(* Let $G$ be a graph, $H$ a non-null subgraph of $G$, and let $n_0$ denote the maximum number of vertices in a connected component of $H$. For every independent set $I\subseteq V(G)\setminus V(H)$ of $G$ and every non-negative integer $k$ with $k\leq\alpha(H)-i(H-N(I))$, there exists an independent set $I_1\subseteq I$ with $|I_1|\leq kn_0$ such that $k\leq\alpha(H)-i(H-N(I_1))$.
   Context: All graphs are finite and simple; the null graph is allowed. For a graph $F$, $\alpha(F)$ is the maximum size of an independent set and $i(F)$ the minimum size of an inclusion-maximal independent set (both $0$ for the null graph). $N(I)=\bigcup_{v\in I}N_G(v)$ is the set of neighbors in $G$ of vertices of $I$, and $H-N(I)$ denotes the graph obtained from $H$ by deleting the vertices of $N(I)\cap V(H)$. *)

theory Defs
  imports Main
begin

definition graph :: "'a set \<Rightarrow> ('a \<Rightarrow> 'a \<Rightarrow> bool) \<Rightarrow> bool" where
  "graph V E \<longleftrightarrow> finite V \<and> (\<forall>x y. E x y \<longrightarrow> x \<in> V \<and> y \<in> V)
     \<and> (\<forall>x y. E x y \<longrightarrow> E y x) \<and> (\<forall>x. \<not> E x x)"

definition subgraph :: "'a set \<Rightarrow> ('a \<Rightarrow> 'a \<Rightarrow> bool) \<Rightarrow> 'a set \<Rightarrow> ('a \<Rightarrow> 'a \<Rightarrow> bool) \<Rightarrow> bool" where
  "subgraph VH EH V E \<longleftrightarrow> graph VH EH \<and> VH \<subseteq> V \<and> (\<forall>x y. EH x y \<longrightarrow> E x y)"

definition indep :: "'a set \<Rightarrow> ('a \<Rightarrow> 'a \<Rightarrow> bool) \<Rightarrow> 'a set \<Rightarrow> bool" where
  "indep V E S \<longleftrightarrow> S \<subseteq> V \<and> (\<forall>x\<in>S. \<forall>y\<in>S. \<not> E x y)"

definition maximal_indep :: "'a set \<Rightarrow> ('a \<Rightarrow> 'a \<Rightarrow> bool) \<Rightarrow> 'a set \<Rightarrow> bool" where
  "maximal_indep V E S \<longleftrightarrow> indep V E S \<and> (\<forall>T. indep V E T \<and> S \<subseteq> T \<longrightarrow> T = S)"

definition alpha :: "'a set \<Rightarrow> ('a \<Rightarrow> 'a \<Rightarrow> bool) \<Rightarrow> nat" where
  "alpha V E = Max (card ` {S. indep V E S})"

definition indep_dom :: "'a set \<Rightarrow> ('a \<Rightarrow> 'a \<Rightarrow> bool) \<Rightarrow> nat" where
  "indep_dom V E = Min (card ` {S. maximal_indep V E S})"
lemma qp_solution_decomposition:
  fixes A :: "real^'n^'m"
  assumes inv: "invertible (A ** transpose A)" and "0 < \<beta>"
    and d_feas: "b + A *v d = 0"
    and d_min: "\<And>e. b + A *v e = 0 \<Longrightarrow>
                 1/2 * \<beta> * (norm d)\<^sup>2 + g \<bullet> d \<le> 1/2 * \<beta> * (norm e)\<^sup>2 + g \<bullet> e"
  shows "d = - min_norm_solution A b + - ((1 / \<beta>) *\<^sub>R (null_proj A *v g))"
proof (rule qp_minimizer_eq_stationary_point[OF \<open>0 < \<beta>\<close> _ _ d_feas d_min])
  show "b + A *v (- min_norm_solution A b + - ((1 / \<beta>) *\<^sub>R (null_proj A *v g))) = 0"
    by (simp add: matrix_vector_mult_diff_distrib matrix_vector_mult_uminus matrix_scaleR_vector_ac
        scaleR_matrix_vector_assoc[symmetric] mult_min_norm_solution[OF inv] mult_null_proj[OF inv])
  have "\<beta> *\<^sub>R (- min_norm_solution A b + - ((1 / \<beta>) *\<^sub>R (null_proj A *v g))) + g
      = min_norm_solution A (A *v g) - \<beta> *\<^sub>R min_norm_solution A b"
    using \<open>0 < \<beta>\<close> by (simp add: null_proj_mult algebra_simps)
  then show "(\<beta> *\<^sub>R (- min_norm_solution A b + - ((1 / \<beta>) *\<^sub>R (null_proj A *v g))) + g) \<bullet> w = 0"
    if "A *v w = 0" for w
    using that by (simp add: inner_diff_left inner_min_norm_solution_kernel)
qed

lemma noisy_step_bounds:
  fixes J Jt :: "real^'n^'m" and g gt d :: "real^'n" and c ct :: "real^'m"
  assumes J_below: "\<And>y. \<gamma> * norm y \<le> norm (transpose J *v y)"
    and noise_J: "norm12 (Jt - J) \<le> eps_J" and gamma: "eps_J < \<gamma>"
    and noise_c: "l1norm (ct - c) \<le> eps_c" and noise_g: "norm (gt - g) \<le> eps_g"
    and "0 < \<beta>" and d_feas: "ct + Jt *v d = 0"
    and d_min: "\<And>e. ct + Jt *v e = 0 \<Longrightarrow>
                 1/2 * \<beta> * (norm d)\<^sup>2 + gt \<bullet> d \<le> 1/2 * \<beta> * (norm e)\<^sup>2 + gt \<bullet> e"
  defines "v \<equiv> - min_norm_solution Jt ct"
    and "u \<equiv> - ((1 / \<beta>) *\<^sub>R (null_proj Jt *v gt))"
    and "B \<equiv> norm (null_proj J *v g) + norm g * (1 / \<gamma>) * eps_J + eps_g"
  shows "d = v + u
    \<and> norm v \<le> 1 / (\<gamma> - eps_J) * l1norm ct
    \<and> 1 / (\<gamma> - eps_J) * l1norm ct \<le> 1 / (\<gamma> - eps_J) * (l1norm c + eps_c)
    \<and> norm u \<le> (1 / \<beta>) * B
    \<and> norm d \<le> 1 / (\<gamma> - eps_J) * (l1norm c + eps_c) + (1 / \<beta>) * B"
proof -
  have "0 \<le> eps_J"
    using norm12_nonneg noise_J by (rule order_trans)
  then have "0 < \<gamma>"
    using gamma by linarith
  have Jt_below: "(\<gamma> - eps_J) * norm y \<le> norm (transpose Jt *v y)" for y
  proof -
    have "(\<gamma> - eps_J) * norm y \<le> (\<gamma> - norm12 (Jt - J)) * norm y"
      using noise_J by (intro mult_right_mono) simp_all
    also have "\<dots> \<le> norm (transpose Jt *v y)"
      by (rule transpose_bounded_below_perturb[OF J_below])
    finally show ?thesis .
  qed
  have inv: "invertible (Jt ** transpose Jt)"
    by (rule invertible_gram_if_bounded_below[OF Jt_below]) (use gamma in simp)
  have d_eq: "d = v + u"
    unfolding v_def u_def using qp_solution_decomposition[OF inv \<open>0 < \<beta>\<close> d_feas d_min] .
  have "(\<gamma> - eps_J) * norm v \<le> norm ct"
    unfolding v_def norm_minus_cancel
    by (rule norm_min_norm_solution_le[OF Jt_below]) (use gamma in simp)
  then have v_bound: "norm v \<le> 1 / (\<gamma> - eps_J) * l1norm ct"
    using gamma norm_le_l1norm[of ct] by (simp add: field_simps)
  have c_bound: "1 / (\<gamma> - eps_J) * l1norm ct \<le> 1 / (\<gamma> - eps_J) * (l1norm c + eps_c)"
    using l1norm_le_add_diff[of ct c] noise_c gamma by (intro mult_left_mono) simp_all
  have "norm g * (1 / \<gamma>) * norm12 (Jt - J) \<le> norm g * (1 / \<gamma>) * eps_J"
    using noise_J \<open>0 < \<gamma>\<close> by (intro mult_left_mono) simp_all
  then have "norm (null_proj Jt *v g) \<le> norm (null_proj J *v g) + norm g * (1 / \<gamma>) * eps_J"
    using norm_null_proj_perturb_le[OF J_below \<open>0 < \<gamma>\<close> inv, of g] by linarith
  moreover have "norm (null_proj Jt *v (gt - g)) \<le> eps_g"
    using norm_null_proj_le[OF inv] noise_g by (rule order_trans)
  moreover have "norm (null_proj Jt *v gt) \<le> norm (null_proj Jt *v g) + norm (null_proj Jt *v (gt - g))"
    unfolding matrix_vector_mult_diff_distrib by (rule norm_triangle_sub)
  ultimately have "norm (null_proj Jt *v gt) \<le> B"
    unfolding B_def by linarith
  then have u_bound: "norm u \<le> (1 / \<beta>) * B"
    using \<open>0 < \<beta>\<close> by (simp add: u_def divide_right_mono)
  have "norm d \<le> norm v + norm u"
    unfolding d_eq by (rule norm_triangle_ineq)
  then show ?thesis
    using d_eq v_bound c_bound u_bound by linarith
qed

theorem lemma3p1:
  fixes f :: "real ^ 'n \<Rightarrow> real" and c :: "real ^ 'n \<Rightarrow> real ^ 'm"
    and g :: "real ^ 'n \<Rightarrow> real ^ 'n" and J :: "real ^ 'n \<Rightarrow> real ^ 'n ^ 'm"
    and ft :: "real ^ 'n \<Rightarrow> real" and ct :: "real ^ 'n \<Rightarrow> real ^ 'm"
    and gt :: "real ^ 'n \<Rightarrow> real ^ 'n" and Jt :: "real ^ 'n \<Rightarrow> real ^ 'n ^ 'm"
    and eps_f eps_c eps_g eps_J \<gamma> :: real
    and x :: "nat \<Rightarrow> real ^ 'n" and \<beta> :: "nat \<Rightarrow> real" and d :: "nat \<Rightarrow> real ^ 'n"
  assumes dims: "CARD('m) < CARD('n)"
    and f_deriv: "\<And>y. (f has_derivative (\<lambda>h. g y \<bullet> h)) (at y)"
    and c_deriv: "\<And>y. (c has_derivative (\<lambda>h. J y *v h)) (at y)"
    and g_cont: "continuous_on UNIV g" and J_cont: "continuous_on UNIV J"
    and eps_pos: "eps_f > 0" "eps_c > 0" "eps_g > 0" "eps_J > 0"
    and noise_f: "\<And>y. \<bar>ft y - f y\<bar> \<le> eps_f"
    and noise_c: "\<And>y. l1norm (ct y - c y) \<le> eps_c"
    and noise_g: "\<And>y. norm (gt y - g y) \<le> eps_g"
    and noise_J: "\<And>y. norm12 (Jt y - J y) \<le> eps_J"
    and gamma: "\<gamma> > eps_J"
    and sigma: "\<And>k. sigma_min (J (x k)) \<ge> \<gamma>"
    and beta_pos: "\<And>k. \<beta> k > 0"
    and d_feas: "\<And>k. ct (x k) + Jt (x k) *v d k = 0"
    and d_min: "\<And>k e. ct (x k) + Jt (x k) *v e = 0 \<Longrightarrow>
                 1/2 * \<beta> k * (norm (d k))\<^sup>2 + gt (x k) \<bullet> d k
                 \<le> 1/2 * \<beta> k * (norm e)\<^sup>2 + gt (x k) \<bullet> e"
  shows "\<forall>k.
    (let \<delta> = 1 / (\<gamma> - eps_J); \<eta> = 1 / \<gamma>;
         gk = g (x k); ck = c (x k); Jk = J (x k);
         gtk = gt (x k); ctk = ct (x k); Jtk = Jt (x k);
         Ptk = mat 1 - transpose Jtk ** matrix_inv (Jtk ** transpose Jtk) ** Jtk;
         Pk = mat 1 - transpose Jk ** matrix_inv (Jk ** transpose Jk) ** Jk;
         vk = - (transpose Jtk *v (matrix_inv (Jtk ** transpose Jtk) *v ctk));
         uk = - ((1 / \<beta> k) *\<^sub>R (Ptk *v gtk));
         B = norm (Pk *v gk) + norm gk * \<eta> * eps_J + eps_g
     in d k = vk + uk
        \<and> norm vk \<le> \<delta> * l1norm ctk
        \<and> \<delta> * l1norm ctk \<le> \<delta> * (l1norm ck + eps_c)
        \<and> norm uk \<le> (1 / \<beta> k) * B
        \<and> norm (d k) \<le> \<delta> * (l1norm ck + eps_c) + (1 / \<beta> k) * B)"
proof -
  have "0 < \<gamma>"
    using gamma eps_pos(4) by linarith
  show ?thesis
    unfolding Let_def null_proj_def[symmetric] min_norm_solution_def[symmetric]
  proof (intro allI noisy_step_bounds)
    fix k y
    show "\<gamma> * norm y \<le> norm (transpose (J (x k)) *v y)"
      using sigma \<open>0 < \<gamma>\<close> by (rule transpose_bounded_below_if_sigma_min_ge)
  qed (use noise_J noise_c noise_g gamma beta_pos d_feas d_min in auto)
qed

end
○ ○ ○ ○ ○ ○ ○
Could you restate, word for word, the lines above from the one with "sigma_min (J (x" to the one with "k) *v e = 0 \<Longrightarrow>", both included?

    and sigma: "\<And>k. sigma_min (J (x k)) \<ge> \<gamma>"
    and beta_pos: "\<And>k. \<beta> k > 0"
    and d_feas: "\<And>k. ct (x k) + Jt (x k) *v d k = 0"
    and d_min: "\<And>k e. ct (x k) + Jt (x k) *v e = 0 \<Longrightarrow>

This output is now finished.